Market analysis on behalf of Samer Hasn Market Analyst and part of the Research Team at


April 18, 2024 ( Newswire) Crude oil continues to decline across both major benchmarks today, reaching their lowest levels for the month with a decline of about 0.9% for both Brent and WTI.

The continued decline in oil today comes with a sudden calm in the military escalation between Iran and Israel after reaching its peak over the weekend, in addition to more pessimism about the path of interest rates in the US.

It seems that international pressure, surprisingly, led by the United States, has curbed Israeli recklessness aimed at expanding the scope of the war, and this appears to have restored some reassurance to the markets about the safety of global energy supplies.

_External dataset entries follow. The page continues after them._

(* Fix any $\epsilon<1/2$ and let $\zeta(r,n)=n^{-1/(\log n)^{\epsilon}}$. Then there is no infinite family of metafunnels that is up-to-$\zeta$ fixating.
   Context: Logarithms are natural. Moran process: given a directed graph $G$ and fitness $r>1$, one vertex (the initial mutant) is a mutant, the rest non-mutants. At each step a vertex $v$ is chosen with probability proportional to fitness (mutants $r$, non-mutants $1$), an out-neighbour $w$ of $v$ is chosen uniformly at random and the state of $v$ is copied to $w$. Extinction: eventually no mutants. An infinite family $\Upsilon$ of directed graphs is up-to-$\zeta$ fixating if for every $r>1$ there is $n_0$ such that for every $G\in\Upsilon$ with $n\ge n_0$ vertices, the extinction probability of the Moran process with fitness $r$ on $G$ from a uniformly random initial mutant is at most $\zeta(r,n)$. For positive integers $k,\ell,m$, the $(k,\ell,m)$-metafunnel has vertex set $V_0\cup V_1\cup\dots\cup V_k$ (disjoint), where $V_0=\{v^*\}$ and for $i\in[k]$, $V_i$ is the disjoint union of sets $V_{i,1},\dots,V_{i,\ell}$ each of size $m^i$; its edge set is $(V_0\times V_k)\cup(V_1\times V_0)\cup\bigcup_{i\in[k-1]}\bigcup_{j\in[\ell]}(V_{i+1,j}\times V_{i,j})$. An infinite family of metafunnels is an infinite set of such graphs. *)

theory Defs
  imports Complex_Main
begin

type_synonym 'a digraph = "'a set \<times> ('a \<times> 'a) set"

definition out_nbrs :: "('a \<times> 'a) set \<Rightarrow> 'a \<Rightarrow> 'a set" where
  "out_nbrs E v = {w. (v, w) \<in> E}"

definition fitness :: "real \<Rightarrow> 'a set \<Rightarrow> 'a \<Rightarrow> real" where
  "fitness r S v = (if v \<in> S then r else 1)"

definition total_fitness :: "'a set \<Rightarrow> real \<Rightarrow> 'a set \<Rightarrow> real" where
  "total_fitness V r S = (\<Sum>v\<in>V. fitness r S v)"

text \<open>Probability that the Moran process (mutant set S) has reached extinction
  (no mutants) within t steps. A vertex without out-neighbours leaves the state unchanged
  (irrelevant for metafunnels, where every vertex has an out-neighbour).\<close>

fun ext_within :: "'a set \<Rightarrow> ('a \<times> 'a) set \<Rightarrow> real \<Rightarrow> nat \<Rightarrow> 'a set \<Rightarrow> real" where
  "ext_within V E r 0 S = (if S = {} then 1 else 0)"
| "ext_within V E r (Suc t) S =
     (if S = {} then 1 else
      (\<Sum>v\<in>V. (fitness r S v / total_fitness V r S) *
         (if out_nbrs E v = {} then ext_within V E r t S
          else (\<Sum>w\<in>out_nbrs E v.
                  ext_within V E r t (if v \<in> S then insert w S else S - {w}) / real (card (out_nbrs E v))))))"

text \<open>Extinction probability: probability that eventually there are no mutants
  (the empty state is absorbing, so this is the supremum over t).\<close>

definition extinction_prob :: "'a set \<Rightarrow> ('a \<times> 'a) set \<Rightarrow> real \<Rightarrow> 'a set \<Rightarrow> real" where
  "extinction_prob V E r S = (SUP t. ext_within V E r t S)"

definition mean_extinction :: "real \<Rightarrow> 'a digraph \<Rightarrow> real" where
  "mean_extinction r G = (\<Sum>v\<in>fst G. extinction_prob (fst G) (snd G) r {v}) / real (card (fst G))"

Israel had constantly threatened to respond to Iran's widespread, yet calibrated, attack and this raised the concerns of the international community about the possibility of pushing the entire region into a war that could not be contained, which would only have come to keep the Prime Minister, Benjamin Netanyahu, at the head of the war cabinet.

While this state of calm may not remain for long if Netanyahu is exposed to more pressure, whether from the Gaza front, from the far-right coalition, or even from street pressure. This may push him to reignite the fuse of the regional war - as he did in targeting the Iranian consulate - to maintain his position in any way. I think this may remain a source of concern for the markets, with sudden movements that could change the scene within moments.

The economic scene does not favor oil market gains either, with sentiment deteriorating around the possibility of an interest rate cut in the second half. It seems that the new reality has found its way to the markets through the accumulation of inventories for the fourth week in a row and more than expected.

Last week, we witnessed a dwindling hope for the possibility of a 25-basis point interest rate cut next June by the Federal Reserve, while this possibility no longer amounts to only 18% now after exceeding 60% last month, according to the CME FedWatch Tool.

To make matters worse, the narrative of a return to raising interest rates this year is slowly resurfacing as inflation returns to acceleration and economic activity is very hot.

Until now, this proposition is still unlikely, but the FedWatch Tool's probabilistic models estimate the probability of an interest rate hike in June at about 1% today after it did not exist at all. While this possibility may be fueled by continued accelerating inflation growth, this could be very disappointing for the energy markets.